Domenica 17 settembre il presidente del Senato Pietro Grasso è stato a Festambiente Mediterraneo presso i Cantieri alla Zisa a Palermo. L’occasione è stata la prima presentazione palermitana del suo libro Storie di sangue, amici e fantasmi. Ricordi di mafia. Proprio prendendo spunto dall’uscita del suo ultimo libro lo abbiamo intervistato per Nuova Ecologia.

Il volume si apre con una lettera a Giovanni Falcone e si chiude con un’altra a Paolo Borsellino. È un libro quasi intimo, che intreccia memorie personali a un pezzo di storia del paese. Un affresco pubblico e privato, dedicato a suo nipote e a tutti i ragazzi nati dopo il 1992, l’anno degli omicidi di Capaci e di via D’Amelio, affinché conoscano i fatti di “un secolo di mafia e di antimafia”, ma soprattutto lo spirito di molti protagonisti di quelle vicende, a cominciare dal loro senso dello Stato.  La memoria, dunque, sembra avere un futuro, per dirla con parole di Sciascia, cui lei dedica un capitolo. È così?

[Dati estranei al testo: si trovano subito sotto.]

(* Let $G$ be a median graph in $\mathcal{U}_3$ with $n\ge 3$ vertices and $v_0$ its unique vertex lying in every majority halfspace. If $u,v$ are vertices different from $v_0$ with $L_{v_0,u}\cap L_{v_0,v}=\emptyset$, then $v_0\in I(u,v)$, i.e. $d(u,v)=d(u,v_0)+d(v_0,v)$.
   Context: Graphs are finite, simple, connected, undirected; $d$ is shortest-path distance; $I(u,v)=\{x:d(u,x)+d(x,v)=d(u,v)\}$; a graph is median if every triple $x,y,z$ has $|I(x,y)\cap I(y,z)\cap I(z,x)|=1$. $\Theta$-classes: classes of the reflexive–transitive closure of the relation on edges "opposite edges of a 4-cycle"; deleting a $\Theta$-class $E_i$ of a median graph leaves two components with vertex sets (halfspaces) $H_i',H_i''$. $\mathcal{U}_3$ is the family of median graphs with $n$ vertices in which every $\Theta$-class satisfies $\min\{|H_i'|,|H_i''|\}<n/3$; the larger halfspace is the majority halfspace. For $u\ne v$, the ladder set $L_{u,v}$ is the set of $\Theta$-classes $E_i$ such that $u,v$ lie in different halfspaces of $E_i$ and $u$ is an endpoint of an edge of $E_i$. *)

theory Defs
  imports Main
begin

definition simple_graph :: "'a set \<Rightarrow> ('a \<Rightarrow> 'a \<Rightarrow> bool) \<Rightarrow> bool" where
  "simple_graph V E \<longleftrightarrow> finite V \<and> (\<forall>x y. E x y \<longrightarrow> x \<in> V \<and> y \<in> V)
     \<and> (\<forall>x y. E x y \<longrightarrow> E y x) \<and> (\<forall>x. \<not> E x x)"

definition is_walk :: "('a \<Rightarrow> 'a \<Rightarrow> bool) \<Rightarrow> 'a list \<Rightarrow> bool" where
  "is_walk E xs \<longleftrightarrow> xs \<noteq> [] \<and> (\<forall>i. Suc i < length xs \<longrightarrow> E (xs ! i) (xs ! Suc i))"

definition connected_graph :: "'a set \<Rightarrow> ('a \<Rightarrow> 'a \<Rightarrow> bool) \<Rightarrow> bool" where
  "connected_graph V E \<longleftrightarrow> (\<forall>u\<in>V. \<forall>v\<in>V. \<exists>xs. is_walk E xs \<and> hd xs = u \<and> last xs = v)"

definition dist :: "('a \<Rightarrow> 'a \<Rightarrow> bool) \<Rightarrow> 'a \<Rightarrow> 'a \<Rightarrow> nat" where
  "dist E u v = (LEAST n. \<exists>xs. is_walk E xs \<and> hd xs = u \<and> last xs = v \<and> length xs = Suc n)"

definition interval :: "'a set \<Rightarrow> ('a \<Rightarrow> 'a \<Rightarrow> bool) \<Rightarrow> 'a \<Rightarrow> 'a \<Rightarrow> 'a set" where
  "interval V E u v = {x \<in> V. dist E u x + dist E x v = dist E u v}"

definition median_graph :: "'a set \<Rightarrow> ('a \<Rightarrow> 'a \<Rightarrow> bool) \<Rightarrow> bool" where
  "median_graph V E \<longleftrightarrow> simple_graph V E \<and> connected_graph V E \<and> V \<noteq> {} \<and>
     (\<forall>x\<in>V. \<forall>y\<in>V. \<forall>z\<in>V.
        card (interval V E x y \<inter> interval V E y z \<inter> interval V E z x) = 1)"

definition edges :: "('a \<Rightarrow> 'a \<Rightarrow> bool) \<Rightarrow> 'a set set" where
  "edges E = {{x, y} | x y. E x y}"

definition opposite_in_C4 :: "('a \<Rightarrow> 'a \<Rightarrow> bool) \<Rightarrow> 'a set \<Rightarrow> 'a set \<Rightarrow> bool" where
  "opposite_in_C4 E e f \<longleftrightarrow> (\<exists>a b c d. distinct [a, b, c, d] \<and>
     E a b \<and> E b c \<and> E c d \<and> E d a \<and> e = {a, b} \<and> f = {c, d})"
(* Let $n>d\geq 1$ and let $\Phi$ be a real, additive gain graph on vertex set $V=\{1,\dots,n\}$ with edge set $E$. Then there is an open dense subset $\mathcal{G}\subseteq(\mathbb{E}^d)^n$ of $n$-tuples of distinct points such that for every $\mathbf{Q}=(Q_1,\dots,Q_n)\in\mathcal{G}$, writing $\mathcal{H}=\mathcal{H}(\Phi;\mathbf{Q})$, the following hold. (a) For every edge set $S\subseteq E$, writing $c(S)=n-m$, the intersection $\bigcap_{e\in S}h(e)$ is empty if $S$ is unbalanced or if $m>d$; otherwise it is a nonempty affine flat of dimension $d-m$. (b) For edge sets $S_1,S_2\subseteq E$, the intersections $\bigcap_{e\in S_1}h(e)$ and $\bigcap_{e\in S_2}h(e)$ are equal and nonempty if and only if $S_1\cup S_2$ is balanced and the connected components of $(V,S_1)$ and of $(V,S_2)$ partition $V$ in the same way, into at least $n-d$ parts.
   Context: $\mathbb{E}^d$ is Euclidean $d$-space with distance $d(\cdot,\cdot)$. For points $Q_i,Q_j$ the Pythagorean coordinate of a point $P$ is $\psi_{ij}(P)=d(P,Q_i)^2-d(P,Q_j)^2$; if $Q_i\neq Q_j$, each level set $\{\psi_{ij}=c\}$ is a hyperplane perpendicular to the line $Q_iQ_j$. A real, additive gain graph $\Phi$ on vertex set $V=\{1,\dots,n\}$ consists of a finite graph with edge set $E$ (multiple edges allowed; every edge has two distinct endpoints) together with a gain function assigning to each edge $e$ with endpoints $i,j$ a real number $\phi(e;i,j)$, where $\phi(e;j,i)=-\phi(e;i,j)$. An edge set $S\subseteq E$ is balanced if for every circle (simple closed path) contained in $S$ the sum of the gains of its edges, read in a consistent direction around the circle, is $0$. $c(S)$ denotes the number of connected components of the spanning subgraph $(V,S)$, isolated vertices counting as components. For $\mathbf{Q}=(Q_1,\dots,Q_n)\in(\mathbb{E}^d)^n$ with $Q_i\neq Q_j$ whenever $i,j$ are adjacent, the Pythagorean arrangement $\mathcal{H}(\Phi;\mathbf{Q})$ consists of the hyperplanes $h(e)=\{P\in\mathbb{E}^d:\psi_{ij}(P)=\phi(e;i,j)\}$, one for each edge $e$ with endpoints $i,j$. The intersection over the empty edge set is $\mathbb{E}^d$. *)

theory Defs
  imports "HOL-Analysis.Analysis"
begin

text \<open>A real additive gain graph: edges of type 'e (edge set E), each edge e has
  endpoints src e and tgt e (distinct), and gain phi e = phi(e; src e, tgt e).
  Vertices are the elements of the finite type 'n (playing the role of {1..n}).\<close>

definition oriented_gain ::
  "('e \<Rightarrow> 'n) \<Rightarrow> ('e \<Rightarrow> 'n) \<Rightarrow> ('e \<Rightarrow> real) \<Rightarrow> 'e \<Rightarrow> 'n \<Rightarrow> 'n \<Rightarrow> real" where
  "oriented_gain src tgt phi e i j = (if src e = i \<and> tgt e = j then phi e else - phi e)"

definition is_circle ::
  "('e \<Rightarrow> 'n) \<Rightarrow> ('e \<Rightarrow> 'n) \<Rightarrow> 'e set \<Rightarrow> 'n list \<Rightarrow> 'e list \<Rightarrow> bool" where
  "is_circle src tgt S vs es \<longleftrightarrow>
     length vs = length es \<and> 2 \<le> length es \<and> distinct vs \<and> distinct es \<and> set es \<subseteq> S \<and>
     (\<forall>i<length es. {src (es!i), tgt (es!i)} = {vs!i, vs!((i+1) mod length vs)})"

Il passato contiene in sé i semi, le premesse del futuro: la memoria collettiva di una nazione è essenziale per disegnarne l’orizzonte. Se dimentichiamo ciò che siamo stati, se non sappiamo apprendere fino in fondo la lezione che deriva dalla conoscenza della nostra storia siamo inevitabilmente destinati a commettere nuovamente gli stessi errori.  Lo dico spesso, un popolo che teme il proprio passato mette a rischio il proprio domani. Forse è anche per questa ragione che ho voluto dedicare il mio ultimo libro ai ragazzi che – fortunatamente – non hanno vissuto l’orrore del 1992. Però devono sapere e, mi auguro, fare tesoro dell’esempio di grandi uomini come Falcone e Borsellino.

Nel ricordo dedicato a Padre Puglisi scrive: “Giorno dopo giorno ha educato migliaia di ragazzi, li ha resi consapevoli, desiderosi di rompere le catene che imprigionavano la Sicilia attraverso la cultura della legalità e della conoscenza. Nella mia esperienza di magistrato e di ex procuratore nazionale antimafia non posso che concordare pienamente con questa visione”. A che punto è oggi, in Italia e in Sicilia, “la cultura della legalità e della conoscenza”?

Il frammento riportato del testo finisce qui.